Diamond Nebula was created in silence. During my period of maun vrat — my silent fast — I entered a state where language dissolved, and only vibration, color, and breath remained. In that stillness, the act of painting became prayer.
Silence is not absence; it is sound turned inward.
In that space of quiet intensity, every brushstroke felt like an extension of my breath — a mantra unfolding through pigment. What emerged was not a representation, but a resonance: a dialogue between cosmic vastness and inner stillness.
The inspiration began with NASA’s discovery of a planet composed of diamond, a scientific truth that felt almost mythic. It reminded me that what we revere as precious — diamond — exists freely in the cosmos. This realization became a metaphor for consciousness itself: what we search for externally often already exists within us, waiting to be crystallized under the pressure of self-realization.

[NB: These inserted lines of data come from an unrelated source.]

lemma efron_stein_orthogonal:
  assumes "is_op d n X" "I \<subseteq> {..<n}" "J \<subseteq> {..<n}" "I \<noteq> J"
    and herm: "\<forall>i<n. \<forall>k l. \<rho> i k l = cnj (\<rho> i l k)"
    and trace: "\<forall>i<n. (\<Sum>k<d i. \<rho> i k k) = 1"
  shows "inner_state d n (prod_state d n \<rho>) (efron_stein d n \<rho> X I) (efron_stein d n \<rho> X J) = 0"
proof -
  have ortho: "inner_state d n (prod_state d n \<rho>) (efron_stein d n \<rho> X I') (efron_stein d n \<rho> X J') = 0"
    if "J' \<subseteq> {..<n}" "j \<in> J'" "j \<notin> I'" for I' J' j
    using that assms(1) trace
    by (intro inner_state_eq_0[OF efron_stein_acts_only_on]) (auto intro: efron_stein_cond_exp)
  from assms(4) consider j where "j \<in> J" "j \<notin> I" | i where "i \<in> I" "i \<notin> J"
    by blast
  then show ?thesis
  proof cases
    case 1
    then show ?thesis
      using assms(3) ortho by blast
  next
    case 2
    then have "inner_state d n (prod_state d n \<rho>) (efron_stein d n \<rho> X J) (efron_stein d n \<rho> X I) = 0"
      using assms(2) ortho by blast
    then show ?thesis
      using inner_state_prod_state_cnj[OF herm, where d = d
          and Z = "efron_stein d n \<rho> X J" and Y = "efron_stein d n \<rho> X I"]
      by simp
  qed
qed

theorem theorem6p9:
  fixes d :: "nat \<Rightarrow> nat" and n :: nat
    and \<rho> :: "nat \<Rightarrow> nat \<Rightarrow> nat \<Rightarrow> complex"
  assumes states: "\<forall>i<n. density (d i) (\<rho> i)"
  shows "\<exists>D :: qop \<Rightarrow> nat set \<Rightarrow> qop.
    \<comment> \<open>existence: X = sum of X^{=J} with properties (1) and (2)\<close>
    (\<forall>X. observable d n X \<longrightarrow>
       (\<forall>J. J \<subseteq> {..<n} \<longrightarrow>
          observable d n (D X J) \<and> acts_only_on d n J (D X J) \<and>
          (\<forall>j\<in>J. cond_exp d n \<rho> j (D X J) = (\<lambda>a b. 0))) \<and>
       X = (\<lambda>a b. \<Sum>J\<in>Pow {..<n}. D X J a b)) \<and>
    \<comment> \<open>uniqueness\<close>
    (\<forall>X Y. observable d n X \<longrightarrow>
       (\<forall>J. J \<subseteq> {..<n} \<longrightarrow>
          observable d n (Y J) \<and> acts_only_on d n J (Y J) \<and>
          (\<forall>j\<in>J. cond_exp d n \<rho> j (Y J) = (\<lambda>a b. 0))) \<longrightarrow>
       X = (\<lambda>a b. \<Sum>J\<in>Pow {..<n}. Y J a b) \<longrightarrow>
       (\<forall>J. J \<subseteq> {..<n} \<longrightarrow> Y J = D X J)) \<and>
    \<comment> \<open>(3) linearity and partial sums\<close>
    (\<forall>J. J \<subseteq> {..<n} \<longrightarrow>
       (\<forall>X Z (r::real) (s::real). observable d n X \<longrightarrow> observable d n Z \<longrightarrow>
          D (\<lambda>a b. of_real r * X a b + of_real s * Z a b) J =
          (\<lambda>a b. of_real r * D X J a b + of_real s * D Z J a b)) \<and>
       (\<forall>X. observable d n X \<longrightarrow>
          (\<lambda>a b. \<Sum>I\<in>Pow J. D X I a b) = cond_exp_set d n \<rho> ({..<n} - J) X)) \<and>
    \<comment> \<open>(4) orthogonality\<close>
    (\<forall>X I J. observable d n X \<longrightarrow> I \<subseteq> {..<n} \<longrightarrow> J \<subseteq> {..<n} \<longrightarrow> I \<noteq> J \<longrightarrow>
       inner_state d n (prod_state d n \<rho>) (D X I) (D X J) = 0)"
proof -
  have herm: "\<forall>i<n. \<forall>k l. \<rho> i k l = cnj (\<rho> i l k)" and trace: "\<forall>i<n. (\<Sum>k<d i. \<rho> i k k) = 1"
    using states unfolding density_def by blast+
  have op: "is_op d n X" if "observable d n X" for X
    using that unfolding observable_def by blast
  show ?thesis
    apply (intro exI[of _ "efron_stein d n \<rho>"] conjI allI impI ballI)
    subgoal by (rule efron_stein_observable[OF _ herm])
    subgoal by (intro efron_stein_acts_only_on op)
    subgoal using trace by (intro efron_stein_cond_exp op)
    subgoal using efron_stein_partial_sum[of "{..<n}"] by simp
    subgoal using trace by (simp add: efron_stein_unique)
    subgoal by (rule efron_stein_lincomb)
    subgoal by (intro efron_stein_partial_sum finite_subset[OF _ finite_lessThan])
    subgoal using trace by (intro efron_stein_orthogonal[OF op _ _ _ herm])
    done
qed

end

As I painted, the diamond dust, crushed carbon, and prismatic shards on the canvas became symbols of this transformation — the journey from matter to meaning, darkness to light. The pigments, all handmade from natural elements — red and brown earths foraged from the ground, indigo from berries, and minerals from rock — carry their own frequencies of energy. In my practice, these pigments are not materials; they are living energies that embody the rhythm of the universe.
The process was deeply ritualistic. Fasting stripped away distraction. Silence heightened perception. Each day of stillness became a meditation on pressure as creation, on how both stars and souls are formed in the crucible of constraint. Through this discipline, Diamond Nebula emerged not as a painting, but as a living vibration — the result of surrender, patience, and inward expansion.